- [Work request]: I need the lines below from the one with "then show ?thesis using dpath_drop[OF" down to the one with "then show ?thesis using dpath_Cons[OF" reproduced exactly, both ends included, and nothing else.

- [Extracted records]:
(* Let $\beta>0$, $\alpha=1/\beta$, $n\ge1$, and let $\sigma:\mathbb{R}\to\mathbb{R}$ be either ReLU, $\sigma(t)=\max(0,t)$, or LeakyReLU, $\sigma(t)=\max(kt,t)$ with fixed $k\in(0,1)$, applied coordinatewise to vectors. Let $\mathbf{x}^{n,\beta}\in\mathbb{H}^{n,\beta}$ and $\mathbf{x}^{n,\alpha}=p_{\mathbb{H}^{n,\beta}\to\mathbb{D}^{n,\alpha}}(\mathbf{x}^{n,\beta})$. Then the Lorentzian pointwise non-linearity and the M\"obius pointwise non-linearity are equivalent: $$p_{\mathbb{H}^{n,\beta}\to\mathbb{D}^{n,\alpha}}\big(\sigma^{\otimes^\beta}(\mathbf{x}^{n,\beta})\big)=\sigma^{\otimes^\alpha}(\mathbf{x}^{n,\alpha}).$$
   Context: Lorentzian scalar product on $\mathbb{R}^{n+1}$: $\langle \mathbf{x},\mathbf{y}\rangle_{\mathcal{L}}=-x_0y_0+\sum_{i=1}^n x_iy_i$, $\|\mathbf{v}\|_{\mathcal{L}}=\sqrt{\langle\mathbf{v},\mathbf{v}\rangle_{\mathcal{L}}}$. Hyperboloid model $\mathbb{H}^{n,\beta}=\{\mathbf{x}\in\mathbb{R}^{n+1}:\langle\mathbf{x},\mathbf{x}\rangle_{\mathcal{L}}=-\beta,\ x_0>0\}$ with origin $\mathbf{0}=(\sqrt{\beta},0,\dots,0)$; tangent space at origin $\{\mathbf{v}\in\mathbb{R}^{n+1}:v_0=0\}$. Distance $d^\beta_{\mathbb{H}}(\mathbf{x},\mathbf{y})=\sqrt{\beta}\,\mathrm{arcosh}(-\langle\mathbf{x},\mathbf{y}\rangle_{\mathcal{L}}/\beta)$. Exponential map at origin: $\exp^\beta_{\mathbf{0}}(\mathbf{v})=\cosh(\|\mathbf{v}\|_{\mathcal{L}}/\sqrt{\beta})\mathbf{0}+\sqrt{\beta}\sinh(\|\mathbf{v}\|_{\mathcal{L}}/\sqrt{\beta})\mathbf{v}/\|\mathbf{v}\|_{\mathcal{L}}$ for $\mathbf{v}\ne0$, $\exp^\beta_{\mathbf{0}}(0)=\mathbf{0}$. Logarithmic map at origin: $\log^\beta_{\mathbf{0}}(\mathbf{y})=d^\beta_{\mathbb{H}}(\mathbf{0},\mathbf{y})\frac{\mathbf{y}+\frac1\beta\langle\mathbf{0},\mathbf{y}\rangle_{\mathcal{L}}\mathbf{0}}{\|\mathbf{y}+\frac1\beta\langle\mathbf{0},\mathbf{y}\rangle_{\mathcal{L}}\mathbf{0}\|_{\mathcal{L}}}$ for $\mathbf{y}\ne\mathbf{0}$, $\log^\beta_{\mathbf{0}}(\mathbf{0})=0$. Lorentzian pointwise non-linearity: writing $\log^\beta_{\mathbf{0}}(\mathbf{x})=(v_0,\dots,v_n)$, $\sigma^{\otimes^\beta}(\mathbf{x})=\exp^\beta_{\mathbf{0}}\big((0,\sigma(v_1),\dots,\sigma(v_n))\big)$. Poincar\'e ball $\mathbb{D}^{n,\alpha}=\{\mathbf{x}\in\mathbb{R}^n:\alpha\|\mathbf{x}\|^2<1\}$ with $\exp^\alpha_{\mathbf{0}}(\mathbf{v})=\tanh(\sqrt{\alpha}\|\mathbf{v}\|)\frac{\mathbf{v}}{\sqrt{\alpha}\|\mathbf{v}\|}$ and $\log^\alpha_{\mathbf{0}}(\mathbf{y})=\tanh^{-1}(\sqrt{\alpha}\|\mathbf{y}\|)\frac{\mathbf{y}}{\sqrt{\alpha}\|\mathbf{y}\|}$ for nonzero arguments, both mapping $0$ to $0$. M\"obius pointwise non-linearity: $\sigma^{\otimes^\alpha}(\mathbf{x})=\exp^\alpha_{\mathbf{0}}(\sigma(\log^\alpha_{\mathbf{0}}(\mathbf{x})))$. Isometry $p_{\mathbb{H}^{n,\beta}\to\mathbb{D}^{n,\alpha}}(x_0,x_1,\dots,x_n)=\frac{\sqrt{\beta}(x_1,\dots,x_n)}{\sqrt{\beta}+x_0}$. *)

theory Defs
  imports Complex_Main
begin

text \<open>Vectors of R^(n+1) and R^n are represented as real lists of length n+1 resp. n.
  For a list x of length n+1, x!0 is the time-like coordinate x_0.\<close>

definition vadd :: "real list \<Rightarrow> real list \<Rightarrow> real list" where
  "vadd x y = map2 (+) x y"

...

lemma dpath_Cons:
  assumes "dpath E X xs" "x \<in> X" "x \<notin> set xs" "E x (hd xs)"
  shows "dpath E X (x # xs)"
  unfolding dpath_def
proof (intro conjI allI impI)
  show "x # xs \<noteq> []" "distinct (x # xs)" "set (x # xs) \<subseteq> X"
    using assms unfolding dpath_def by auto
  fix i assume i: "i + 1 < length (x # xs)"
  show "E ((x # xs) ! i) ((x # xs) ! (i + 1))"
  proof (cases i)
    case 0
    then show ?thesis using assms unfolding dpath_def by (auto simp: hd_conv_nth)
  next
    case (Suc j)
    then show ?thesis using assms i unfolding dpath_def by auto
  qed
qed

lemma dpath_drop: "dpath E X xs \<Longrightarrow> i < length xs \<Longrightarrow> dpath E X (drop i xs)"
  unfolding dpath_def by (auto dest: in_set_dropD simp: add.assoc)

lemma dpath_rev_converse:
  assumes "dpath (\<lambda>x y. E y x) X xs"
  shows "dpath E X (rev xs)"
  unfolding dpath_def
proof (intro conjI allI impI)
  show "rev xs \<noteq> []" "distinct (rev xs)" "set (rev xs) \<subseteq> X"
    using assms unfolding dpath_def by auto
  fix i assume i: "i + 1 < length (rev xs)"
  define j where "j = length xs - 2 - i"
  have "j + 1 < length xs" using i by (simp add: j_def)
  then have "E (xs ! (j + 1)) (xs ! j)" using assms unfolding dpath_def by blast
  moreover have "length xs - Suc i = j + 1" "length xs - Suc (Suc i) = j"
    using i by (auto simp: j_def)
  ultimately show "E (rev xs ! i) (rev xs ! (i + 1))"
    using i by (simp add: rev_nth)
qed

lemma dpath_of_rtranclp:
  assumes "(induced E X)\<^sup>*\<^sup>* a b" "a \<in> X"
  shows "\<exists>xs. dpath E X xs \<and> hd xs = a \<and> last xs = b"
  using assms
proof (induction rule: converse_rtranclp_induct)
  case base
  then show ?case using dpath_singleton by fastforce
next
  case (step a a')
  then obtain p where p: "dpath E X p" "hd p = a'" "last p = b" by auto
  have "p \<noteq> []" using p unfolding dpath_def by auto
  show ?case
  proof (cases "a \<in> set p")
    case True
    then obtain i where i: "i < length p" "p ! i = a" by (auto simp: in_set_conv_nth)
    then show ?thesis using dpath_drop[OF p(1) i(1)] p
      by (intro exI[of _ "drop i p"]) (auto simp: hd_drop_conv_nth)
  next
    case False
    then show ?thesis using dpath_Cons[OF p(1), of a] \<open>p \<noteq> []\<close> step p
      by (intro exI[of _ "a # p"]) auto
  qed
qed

- [Exercise solution]:
    then show ?thesis using dpath_drop[OF p(1) i(1)] p
      by (intro exI[of _ "drop i p"]) (auto simp: hd_drop_conv_nth)
  next
    case False
    then show ?thesis using dpath_Cons[OF p(1), of a] \<open>p \<noteq> []\<close> step p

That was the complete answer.